Exercise goal>
Would you return every line of the listing below that has "word" in it?

Data provided Block Start

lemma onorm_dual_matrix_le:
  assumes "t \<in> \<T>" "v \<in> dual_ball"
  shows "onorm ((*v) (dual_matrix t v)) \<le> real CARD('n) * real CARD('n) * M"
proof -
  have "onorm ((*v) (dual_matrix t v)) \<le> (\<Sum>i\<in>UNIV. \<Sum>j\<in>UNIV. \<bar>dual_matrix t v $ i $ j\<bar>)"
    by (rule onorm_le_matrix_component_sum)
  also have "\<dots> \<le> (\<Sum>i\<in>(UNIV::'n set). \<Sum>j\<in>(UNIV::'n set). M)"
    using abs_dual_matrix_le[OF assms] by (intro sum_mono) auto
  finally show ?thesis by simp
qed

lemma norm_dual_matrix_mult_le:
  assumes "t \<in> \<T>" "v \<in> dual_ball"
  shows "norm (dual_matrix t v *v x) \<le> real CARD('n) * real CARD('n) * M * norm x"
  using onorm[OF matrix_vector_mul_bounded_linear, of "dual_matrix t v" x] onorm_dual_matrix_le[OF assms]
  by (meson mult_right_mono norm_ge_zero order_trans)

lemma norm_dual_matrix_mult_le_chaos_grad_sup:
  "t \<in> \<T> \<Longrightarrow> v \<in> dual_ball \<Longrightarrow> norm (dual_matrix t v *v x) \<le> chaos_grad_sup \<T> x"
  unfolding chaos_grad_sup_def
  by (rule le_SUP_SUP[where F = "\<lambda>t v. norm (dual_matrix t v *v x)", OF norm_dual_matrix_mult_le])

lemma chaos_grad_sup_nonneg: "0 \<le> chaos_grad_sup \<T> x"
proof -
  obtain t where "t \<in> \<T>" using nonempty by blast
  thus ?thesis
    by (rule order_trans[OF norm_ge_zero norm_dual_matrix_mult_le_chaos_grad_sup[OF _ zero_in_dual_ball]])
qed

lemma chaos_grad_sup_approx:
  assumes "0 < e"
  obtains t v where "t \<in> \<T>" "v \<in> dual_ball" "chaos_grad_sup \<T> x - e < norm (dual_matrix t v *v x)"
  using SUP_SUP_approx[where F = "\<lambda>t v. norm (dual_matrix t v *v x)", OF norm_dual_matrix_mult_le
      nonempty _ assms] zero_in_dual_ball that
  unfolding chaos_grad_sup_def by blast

Data provided Block End
Data provided Block Start

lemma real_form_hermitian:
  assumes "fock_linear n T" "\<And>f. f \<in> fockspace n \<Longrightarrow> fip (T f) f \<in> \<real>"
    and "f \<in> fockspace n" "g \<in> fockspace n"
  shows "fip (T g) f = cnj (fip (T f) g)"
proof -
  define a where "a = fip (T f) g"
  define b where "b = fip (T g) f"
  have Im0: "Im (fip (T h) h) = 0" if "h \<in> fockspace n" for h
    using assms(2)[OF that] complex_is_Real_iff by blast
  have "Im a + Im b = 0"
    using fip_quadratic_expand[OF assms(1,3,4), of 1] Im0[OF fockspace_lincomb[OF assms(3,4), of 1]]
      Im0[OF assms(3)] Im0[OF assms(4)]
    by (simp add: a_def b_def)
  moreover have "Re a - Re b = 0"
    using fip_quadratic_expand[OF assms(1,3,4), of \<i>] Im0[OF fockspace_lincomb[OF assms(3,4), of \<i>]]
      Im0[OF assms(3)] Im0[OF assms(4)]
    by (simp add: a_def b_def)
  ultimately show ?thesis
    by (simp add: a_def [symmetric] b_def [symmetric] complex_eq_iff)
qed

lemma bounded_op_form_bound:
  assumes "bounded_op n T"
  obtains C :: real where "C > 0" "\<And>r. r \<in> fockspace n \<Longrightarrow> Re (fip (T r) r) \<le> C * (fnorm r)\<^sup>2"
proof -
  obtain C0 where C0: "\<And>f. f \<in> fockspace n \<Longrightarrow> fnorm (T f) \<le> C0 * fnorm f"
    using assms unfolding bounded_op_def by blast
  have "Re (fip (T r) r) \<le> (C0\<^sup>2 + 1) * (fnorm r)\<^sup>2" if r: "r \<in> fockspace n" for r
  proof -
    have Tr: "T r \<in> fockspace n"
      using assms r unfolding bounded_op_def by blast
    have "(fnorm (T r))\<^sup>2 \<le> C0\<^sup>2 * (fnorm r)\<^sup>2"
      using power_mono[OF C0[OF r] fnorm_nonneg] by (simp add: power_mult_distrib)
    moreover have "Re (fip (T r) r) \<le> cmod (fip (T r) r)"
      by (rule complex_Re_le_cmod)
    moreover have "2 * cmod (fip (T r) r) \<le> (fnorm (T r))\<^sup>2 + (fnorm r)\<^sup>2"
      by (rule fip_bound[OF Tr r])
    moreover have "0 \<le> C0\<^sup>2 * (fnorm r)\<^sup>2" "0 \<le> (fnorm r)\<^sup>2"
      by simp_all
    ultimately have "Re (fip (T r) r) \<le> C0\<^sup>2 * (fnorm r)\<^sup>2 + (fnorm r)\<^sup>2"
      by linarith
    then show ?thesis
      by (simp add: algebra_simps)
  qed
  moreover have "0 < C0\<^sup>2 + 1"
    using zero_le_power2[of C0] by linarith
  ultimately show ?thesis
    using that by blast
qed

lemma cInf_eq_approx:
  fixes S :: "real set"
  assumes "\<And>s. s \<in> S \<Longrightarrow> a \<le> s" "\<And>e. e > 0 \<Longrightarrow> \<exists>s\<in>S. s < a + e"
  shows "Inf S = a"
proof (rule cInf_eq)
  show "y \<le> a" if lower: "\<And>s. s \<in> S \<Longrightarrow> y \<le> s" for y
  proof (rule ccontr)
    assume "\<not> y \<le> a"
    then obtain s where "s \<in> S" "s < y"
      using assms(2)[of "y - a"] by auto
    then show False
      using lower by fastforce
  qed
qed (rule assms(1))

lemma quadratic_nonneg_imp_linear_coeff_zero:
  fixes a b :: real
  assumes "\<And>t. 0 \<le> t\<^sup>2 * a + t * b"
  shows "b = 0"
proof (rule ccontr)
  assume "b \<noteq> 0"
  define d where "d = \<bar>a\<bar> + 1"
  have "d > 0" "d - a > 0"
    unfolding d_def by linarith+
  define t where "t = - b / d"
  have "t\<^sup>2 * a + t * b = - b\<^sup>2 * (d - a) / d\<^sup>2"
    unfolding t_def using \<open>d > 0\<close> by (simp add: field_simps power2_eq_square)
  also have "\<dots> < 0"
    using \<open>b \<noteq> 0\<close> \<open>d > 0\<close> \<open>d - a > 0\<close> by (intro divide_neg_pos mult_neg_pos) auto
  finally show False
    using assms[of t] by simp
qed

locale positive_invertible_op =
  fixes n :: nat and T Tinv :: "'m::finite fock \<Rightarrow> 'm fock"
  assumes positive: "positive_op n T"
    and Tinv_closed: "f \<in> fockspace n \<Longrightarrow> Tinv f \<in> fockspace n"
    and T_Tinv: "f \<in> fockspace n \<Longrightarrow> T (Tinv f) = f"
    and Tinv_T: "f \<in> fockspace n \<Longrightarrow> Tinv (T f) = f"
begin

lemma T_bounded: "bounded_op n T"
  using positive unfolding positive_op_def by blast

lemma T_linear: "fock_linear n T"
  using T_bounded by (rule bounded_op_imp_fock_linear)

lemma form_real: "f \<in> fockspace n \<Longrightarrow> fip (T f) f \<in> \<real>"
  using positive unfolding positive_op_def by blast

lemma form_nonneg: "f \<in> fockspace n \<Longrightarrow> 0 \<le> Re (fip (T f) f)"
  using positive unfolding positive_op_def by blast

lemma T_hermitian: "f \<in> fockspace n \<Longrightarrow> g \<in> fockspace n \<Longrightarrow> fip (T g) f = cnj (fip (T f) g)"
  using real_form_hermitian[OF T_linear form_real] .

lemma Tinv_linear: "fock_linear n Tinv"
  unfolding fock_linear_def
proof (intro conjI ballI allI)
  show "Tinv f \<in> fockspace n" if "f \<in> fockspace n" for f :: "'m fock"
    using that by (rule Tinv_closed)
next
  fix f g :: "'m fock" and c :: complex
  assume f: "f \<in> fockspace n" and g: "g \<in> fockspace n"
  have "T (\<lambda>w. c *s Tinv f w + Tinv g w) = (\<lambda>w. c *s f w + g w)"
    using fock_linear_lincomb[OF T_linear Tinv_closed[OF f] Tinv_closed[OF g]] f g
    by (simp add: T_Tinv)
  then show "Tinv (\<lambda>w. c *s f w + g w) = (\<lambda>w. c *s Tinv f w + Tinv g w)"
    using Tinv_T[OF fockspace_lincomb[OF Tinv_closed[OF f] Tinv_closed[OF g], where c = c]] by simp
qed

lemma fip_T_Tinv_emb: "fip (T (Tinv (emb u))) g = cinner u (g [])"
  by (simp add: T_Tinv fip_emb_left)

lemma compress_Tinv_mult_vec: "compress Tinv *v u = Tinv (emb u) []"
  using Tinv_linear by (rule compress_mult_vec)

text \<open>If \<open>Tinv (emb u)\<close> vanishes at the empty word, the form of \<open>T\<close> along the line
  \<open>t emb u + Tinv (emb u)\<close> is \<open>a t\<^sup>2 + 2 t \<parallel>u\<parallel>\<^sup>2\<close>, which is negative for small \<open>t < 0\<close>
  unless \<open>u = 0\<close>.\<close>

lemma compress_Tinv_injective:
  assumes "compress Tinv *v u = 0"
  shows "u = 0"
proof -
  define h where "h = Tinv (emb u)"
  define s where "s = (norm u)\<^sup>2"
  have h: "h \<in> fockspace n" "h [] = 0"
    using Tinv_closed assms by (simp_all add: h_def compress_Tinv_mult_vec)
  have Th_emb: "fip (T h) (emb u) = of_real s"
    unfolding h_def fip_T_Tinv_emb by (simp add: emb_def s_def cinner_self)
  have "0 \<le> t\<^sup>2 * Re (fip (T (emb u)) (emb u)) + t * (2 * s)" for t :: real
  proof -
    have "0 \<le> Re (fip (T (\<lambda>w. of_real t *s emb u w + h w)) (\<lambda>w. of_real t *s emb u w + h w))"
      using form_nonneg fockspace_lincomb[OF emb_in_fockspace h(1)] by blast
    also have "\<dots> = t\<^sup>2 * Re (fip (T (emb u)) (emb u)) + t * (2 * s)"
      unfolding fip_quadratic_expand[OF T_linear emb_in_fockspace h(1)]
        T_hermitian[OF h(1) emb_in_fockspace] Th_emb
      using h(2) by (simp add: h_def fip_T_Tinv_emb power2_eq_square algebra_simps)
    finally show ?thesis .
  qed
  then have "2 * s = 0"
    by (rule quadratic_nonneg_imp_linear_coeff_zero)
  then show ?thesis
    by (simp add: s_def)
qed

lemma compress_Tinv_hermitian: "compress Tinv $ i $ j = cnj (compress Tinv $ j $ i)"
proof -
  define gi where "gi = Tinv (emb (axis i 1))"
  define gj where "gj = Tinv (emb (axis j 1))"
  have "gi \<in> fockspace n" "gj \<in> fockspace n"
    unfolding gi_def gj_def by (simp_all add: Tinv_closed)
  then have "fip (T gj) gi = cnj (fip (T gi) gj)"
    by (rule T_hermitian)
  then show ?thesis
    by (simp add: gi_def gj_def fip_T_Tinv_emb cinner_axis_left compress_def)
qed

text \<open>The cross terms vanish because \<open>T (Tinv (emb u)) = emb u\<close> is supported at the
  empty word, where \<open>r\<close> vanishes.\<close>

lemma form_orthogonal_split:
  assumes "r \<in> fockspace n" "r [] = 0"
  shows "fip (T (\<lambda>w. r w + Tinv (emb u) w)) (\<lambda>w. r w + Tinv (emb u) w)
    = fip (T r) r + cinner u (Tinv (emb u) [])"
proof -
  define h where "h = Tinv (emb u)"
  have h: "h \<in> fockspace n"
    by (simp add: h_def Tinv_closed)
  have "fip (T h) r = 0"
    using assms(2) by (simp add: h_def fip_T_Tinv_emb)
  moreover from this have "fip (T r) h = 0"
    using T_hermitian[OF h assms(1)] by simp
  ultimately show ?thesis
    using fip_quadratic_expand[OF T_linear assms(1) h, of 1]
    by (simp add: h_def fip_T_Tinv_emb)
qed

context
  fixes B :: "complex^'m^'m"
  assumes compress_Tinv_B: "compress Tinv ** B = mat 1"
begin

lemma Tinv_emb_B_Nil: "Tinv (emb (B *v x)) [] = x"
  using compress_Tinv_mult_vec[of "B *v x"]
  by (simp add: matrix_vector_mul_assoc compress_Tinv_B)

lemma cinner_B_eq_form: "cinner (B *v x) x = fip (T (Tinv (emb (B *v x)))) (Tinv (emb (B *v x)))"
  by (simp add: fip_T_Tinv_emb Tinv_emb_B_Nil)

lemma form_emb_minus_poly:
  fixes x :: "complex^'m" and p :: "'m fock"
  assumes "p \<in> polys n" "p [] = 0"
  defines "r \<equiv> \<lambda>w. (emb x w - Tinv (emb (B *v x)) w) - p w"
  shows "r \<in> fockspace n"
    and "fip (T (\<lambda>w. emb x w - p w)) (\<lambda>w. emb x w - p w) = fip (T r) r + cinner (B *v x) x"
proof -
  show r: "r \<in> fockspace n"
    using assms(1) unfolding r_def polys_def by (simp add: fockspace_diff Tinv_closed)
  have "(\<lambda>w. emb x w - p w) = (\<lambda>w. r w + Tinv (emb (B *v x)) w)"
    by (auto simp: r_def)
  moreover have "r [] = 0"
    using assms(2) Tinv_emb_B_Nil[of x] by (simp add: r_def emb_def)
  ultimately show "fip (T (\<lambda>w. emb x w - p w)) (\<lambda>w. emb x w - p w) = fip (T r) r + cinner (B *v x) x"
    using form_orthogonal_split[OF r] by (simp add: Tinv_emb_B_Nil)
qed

Data provided Block End

Answer to this exercise>
text \<open>If \<open>Tinv (emb u)\<close> vanishes at the empty word, the form of \<open>T\<close> along the line
  empty word, where \<open>r\<close> vanishes.\<close>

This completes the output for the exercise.